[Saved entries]
(* Let $A$ and $B$ be C$^*$-algebras, where $A$ is unital with unit $1$, and let $T:A\to B$ be a bounded linear map which is a $^*$-homomorphism at a unitary element $u\in A$. Then $T(1)$ is a projection, $T(1)T(a)=T(a)T(1)$ for every $a\in A$, and $T(1)T$ (the map $a\mapsto T(1)T(a)$) is a Jordan homomorphism. Furthermore, if in addition $T(1)T(x)=T(x)$ for every $x\in A$ (which is the case when $B$ is unital and $T(u)$ is a unitary in $B$), then $T$ is a Jordan homomorphism.
   Context: A map $T:A\to B$ between C$^*$-algebras is a $^*$-homomorphism at $z\in A$ if for all $a,b\in A$ with $ab^*=z$ one has $T(ab^* )=T(a)T(b)^*=T(z)$, and for all $c,d\in A$ with $c^*d=z$ one has $T(c^*d)=T(c)^*T(d)=T(z)$. A Jordan homomorphism is a linear map $S$ with $S(a\circ b)=S(a)\circ S(b)$ for all $a,b$, where $a\circ b=\frac12(ab+ba)$. *)

theory Defs
  imports Complex_Main
begin

text \<open>C*-algebras (possibly non-unital): complex Banach algebras with an
  involution satisfying the C*-identity. The complex scalar multiplication is
  a class parameter compatible with the real one.\<close>

class cstar_algebra = real_normed_algebra + banach +
  fixes cscale :: "complex \<Rightarrow> 'a \<Rightarrow> 'a" (infixr "*\<^sub>C" 75)
    and star :: "'a \<Rightarrow> 'a"
  assumes cscale_add_right: "c *\<^sub>C (x + y) = c *\<^sub>C x + c *\<^sub>C y"
    and cscale_add_left: "(c + d) *\<^sub>C x = c *\<^sub>C x + d *\<^sub>C x"
    and cscale_cscale: "c *\<^sub>C (d *\<^sub>C x) = (c * d) *\<^sub>C x"
    and cscale_one: "1 *\<^sub>C x = x"
    and scaleR_cscale: "scaleR r x = complex_of_real r *\<^sub>C x"
    and norm_cscale: "norm (c *\<^sub>C x) = cmod c * norm x"
    and mult_cscale_left: "(c *\<^sub>C x) * y = c *\<^sub>C (x * y)"
    and mult_cscale_right: "x * (c *\<^sub>C y) = c *\<^sub>C (x * y)"
    and star_star: "star (star x) = x"
    and star_add: "star (x + y) = star x + star y"
    and star_cscale: "star (c *\<^sub>C x) = cnj c *\<^sub>C star x"
    and star_mult: "star (x * y) = star y * star x"
    and cstar_identity: "norm (star x * x) = norm x * norm x"

definition clinear :: "('a::cstar_algebra \<Rightarrow> 'b::cstar_algebra) \<Rightarrow> bool" where
  "clinear T \<longleftrightarrow> (\<forall>x y. T (x + y) = T x + T y) \<and> (\<forall>c x. T (c *\<^sub>C x) = c *\<^sub>C T x)"

definition bounded_clinear :: "('a::cstar_algebra \<Rightarrow> 'b::cstar_algebra) \<Rightarrow> bool" where
  "bounded_clinear T \<longleftrightarrow> clinear T \<and> (\<exists>K. \<forall>x. norm (T x) \<le> norm x * K)"

definition star_hom_at :: "('a::cstar_algebra \<Rightarrow> 'b::cstar_algebra) \<Rightarrow> 'a \<Rightarrow> bool" where
  "star_hom_at T z \<longleftrightarrow>
     (\<forall>a b. a * star b = z \<longrightarrow> T (a * star b) = T a * star (T b) \<and> T a * star (T b) = T z) \<and>
     (\<forall>c d. star c * d = z \<longrightarrow> T (star c * d) = star (T c) * T d \<and> star (T c) * T d = T z)"

definition unitary :: "'a::{cstar_algebra, ring_1} \<Rightarrow> bool" where
  "unitary u \<longleftrightarrow> u * star u = 1 \<and> star u * u = 1"

definition projection :: "'a::cstar_algebra \<Rightarrow> bool" where
  "projection p \<longleftrightarrow> p * p = p \<and> star p = p"

definition jordan_prod :: "'a::cstar_algebra \<Rightarrow> 'a \<Rightarrow> 'a" where
  "jordan_prod a b = (1/2 :: complex) *\<^sub>C (a * b + b * a)"
(* Let $c_1\ge c_2>0$, let $c(x)=c_1$ for $x<0$ and $c(x)=c_2$ for $x\ge0$, let $\rho\in(0,1)$, and let $\rho(x,t)$ be the macroscopic density of the inhomogeneous TASEP with speed function $c$ and constant initial profile $\rho_0\equiv\rho$ (as described in the context). Let $\rho^*=\frac12-\frac12\sqrt{1-c_2/c_1}$. Then, for $t>0$: (i) If $0<\rho<\rho^*$, with $r^*=\frac12-\frac12\sqrt{1-4\rho(1-\rho)c_1/c_2}$: $\rho(x,t)=\rho$ for $x\le0$; $=r^*$ for $0\le x\le c_2(1-2r^* )t$; $=\frac12(1-\frac{x}{tc_2})$ for $c_2(1-2r^* )t\le x\le c_2(1-2\rho)t$; $=\rho$ for $x\ge(1-2\rho)tc_2$. (ii) If $\rho^*\le\rho\le\frac12$: $\rho(x,t)=\rho$ for $x\le-tc_1(\rho-\rho^* )$; $=1-\rho^*$ for $-tc_1(\rho-\rho^* )\le x\le0$; $=\frac12(1-\frac{x}{tc_2})$ for $0\le x\le(1-2\rho)tc_2$; $=\rho$ for $x\ge(1-2\rho)tc_2$. (iii) If $\rho\ge\frac12$, with $r^*=\frac12-\frac12\sqrt{1-4\rho(1-\rho)c_2/c_1}$: $\rho(x,t)=\rho$ for $x\le-tc_1(\rho-r^* )$; $=1-r^*$ for $-tc_1(\rho-r^* )\le x\le0$; $=\rho$ for $x>0$.
   Context: Macroscopic density: $\rho(x,t)=v_x(x,t)$ where $v(x,t)=\sup_w\{v_0(w(0))-\int_0^tc(w(s))g(w'(s)/c(w(s)))ds\}$ over continuous piecewise $C^1$ paths $w:[0,t]\to\mathbb{R}$ with $w(t)=x$, $v_0(x)=\rho x$, and $g(y)=-y$ for $y\le-1$, $\frac14(1-y)^2$ for $|y|\le1$, $0$ for $y\ge1$. By the hydrodynamic limit, this is the a.s. limit of the empirical density of the TASEP in which a particle at $i$ jumps to $i+1$ at rate $c(i/n)$ if vacant, run for time $nt$, when the initial configurations satisfy $n^{-1}\sum_{i=\lfloor na\rfloor+1}^{\lfloor nb\rfloor}\eta^n_i(0)\to\rho(b-a)$ a.s. for all $a<b$. *)

theory Defs
  imports "HOL-Analysis.Analysis"
begin

definition tasep_g :: "real \<Rightarrow> real" where
  "tasep_g y = (if y \<le> -1 then - y else if y \<le> 1 then (1 - y)^2 / 4 else 0)"

definition step_speed :: "real \<Rightarrow> real \<Rightarrow> real \<Rightarrow> real" where
  "step_speed c1 c2 x = (if x < 0 then c1 else c2)"

definition path_cost :: "(real \<Rightarrow> real) \<Rightarrow> real \<Rightarrow> (real \<Rightarrow> real) \<Rightarrow> real" where
  "path_cost c t w =
     integral {0..t} (\<lambda>s. c (w s) * tasep_g (vector_derivative w (at s) / c (w s)))"

text \<open>Admissible paths: continuous piecewise C1 on [0,t], ending at x, with
  integrable running cost (the integrand is nonnegative, so non-integrable paths
  have infinite cost and do not contribute to the supremum).\<close>
definition admissible_path :: "(real \<Rightarrow> real) \<Rightarrow> real \<Rightarrow> real \<Rightarrow> (real \<Rightarrow> real) \<Rightarrow> bool" where
  "admissible_path c t x w \<longleftrightarrow>
     w piecewise_C1_differentiable_on {0..t} \<and> w t = x \<and>
     (\<lambda>s. c (w s) * tasep_g (vector_derivative w (at s) / c (w s))) integrable_on {0..t}"

definition value_fn :: "(real \<Rightarrow> real) \<Rightarrow> (real \<Rightarrow> real) \<Rightarrow> real \<Rightarrow> real \<Rightarrow> real" where
  "value_fn c v0 x t = Sup {v0 (w 0) - path_cost c t w | w. admissible_path c t x w}"

end

theory Submission
  imports Defs
begin

text \<open>
  The value function is a supremum of payoffs \<open>rho * w 0 - cost w\<close> over paths, so on each region
  of the profile it is computed by matching bounds. Lower bounds come from explicit paths along
  characteristics: lines of velocity \<open>c (1 - 2 p)\<close> carrying density \<open>p\<close>, possibly broken once at
  the origin. Upper bounds come from calibration: \<open>tasep_g\<close> is the convex conjugate of the flux
  \<open>p (1 - p)\<close>, so for a \<open>C\<^sup>1\<close> function \<open>Phi \<ge> rho * y\<close> with \<open>0 \<le> Phi' \<le> 1\<close> and
  \<open>c(y) Phi'(y) (1 - Phi'(y)) \<ge> a\<close>, every path ending at \<open>x\<close> has payoff at most \<open>Phi x - a t\<close>.
  Smoothed corners at the origin with slopes \<open>p1 \<le> rho \<le> p2\<close> serve as \<open>Phi\<close>; paths ending
  behind the shock are split at their last visit to the origin. On each open region the value is
  thus affine in \<open>x\<close>, or quadratic in the rarefaction fan, and differentiating gives the density.
\<close>

section \<open>The Lagrangian and the flux\<close>

lemma tasep_g_ge_affine:
  fixes p u :: real
  assumes "0 \<le> p" "p \<le> 1"
  shows "p * (1 - p) - p * u \<le> tasep_g u"
proof (cases "u \<le> -1")
  case True
  have "(1 - p) * p \<le> (1 - p) * - u" using True assms by (intro mult_left_mono) auto
  then show ?thesis using True by (simp add: tasep_g_def algebra_simps)
next
  case False
  show ?thesis
  proof (cases "u \<le> 1")
    case True
    have "tasep_g u - (p * (1 - p) - p * u) = ((1 - u) / 2 - p)\<^sup>2"
      using True False by (simp add: tasep_g_def power2_eq_square field_simps)
    then show ?thesis using zero_le_power2[of "(1 - u) / 2 - p"] by linarith
  next
    case False
    have "0 \<le> p * (u - 1 + p)" using False assms by simp
    then show ?thesis using False \<open>\<not> u \<le> -1\<close> by (simp add: tasep_g_def algebra_simps)
  qed
qed

lemma scaled_tasep_g_ge_affine:
  fixes k p q a :: real
  assumes "0 < k" "0 \<le> p" "p \<le> 1" "a \<le> k * p * (1 - p)"
  shows "a - p * q \<le> k * tasep_g (q / k)"
proof -
  have "k * (p * (1 - p) - p * (q / k)) \<le> k * tasep_g (q / k)"
    using tasep_g_ge_affine[OF assms(2,3), of "q / k"] assms(1) by (intro mult_left_mono) auto
  then show ?thesis using assms by (simp add: algebra_simps)
qed

lemma tasep_g_characteristic:
  fixes p :: real
  assumes "0 \<le> p" "p \<le> 1"
  shows "tasep_g (1 - 2 * p) = p\<^sup>2"
  using assms by (cases "p = 1") (auto simp: tasep_g_def power2_eq_square field_simps)

lemma flux_mono:
  fixes u v :: real
  assumes "u \<le> v" "u + v \<le> 1"
  shows "u * (1 - u) \<le> v * (1 - v)"
proof -
  have "0 \<le> (v - u) * (1 - u - v)" using assms by simp
  then show ?thesis by (simp add: algebra_simps)
qed

lemma flux_le_imp_le:
  fixes u v :: real
  assumes "u \<le> 1/2" "v \<le> 1/2" "u * (1 - u) \<le> v * (1 - v)"
  shows "u \<le> v"
proof (rule ccontr)
  assume "\<not> u \<le> v"
  then have "0 < (u - v) * (1 - u - v)" using assms by (intro mult_pos_pos) auto
  then show False using assms(3) by (simp add: algebra_simps)
qed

* **Exercise instructions**: Please return only the lines above, starting at the line that has "p \<longleftrightarrow> p" and ending at the line that has "(1/2 :: complex)", keeping both and leaving each one unchanged.

* **Solved problem**:
  "projection p \<longleftrightarrow> p * p = p \<and> star p = p"

definition jordan_prod :: "'a::cstar_algebra \<Rightarrow> 'a \<Rightarrow> 'a" where
  "jordan_prod a b = (1/2 :: complex) *\<^sub>C (a * b + b * a)"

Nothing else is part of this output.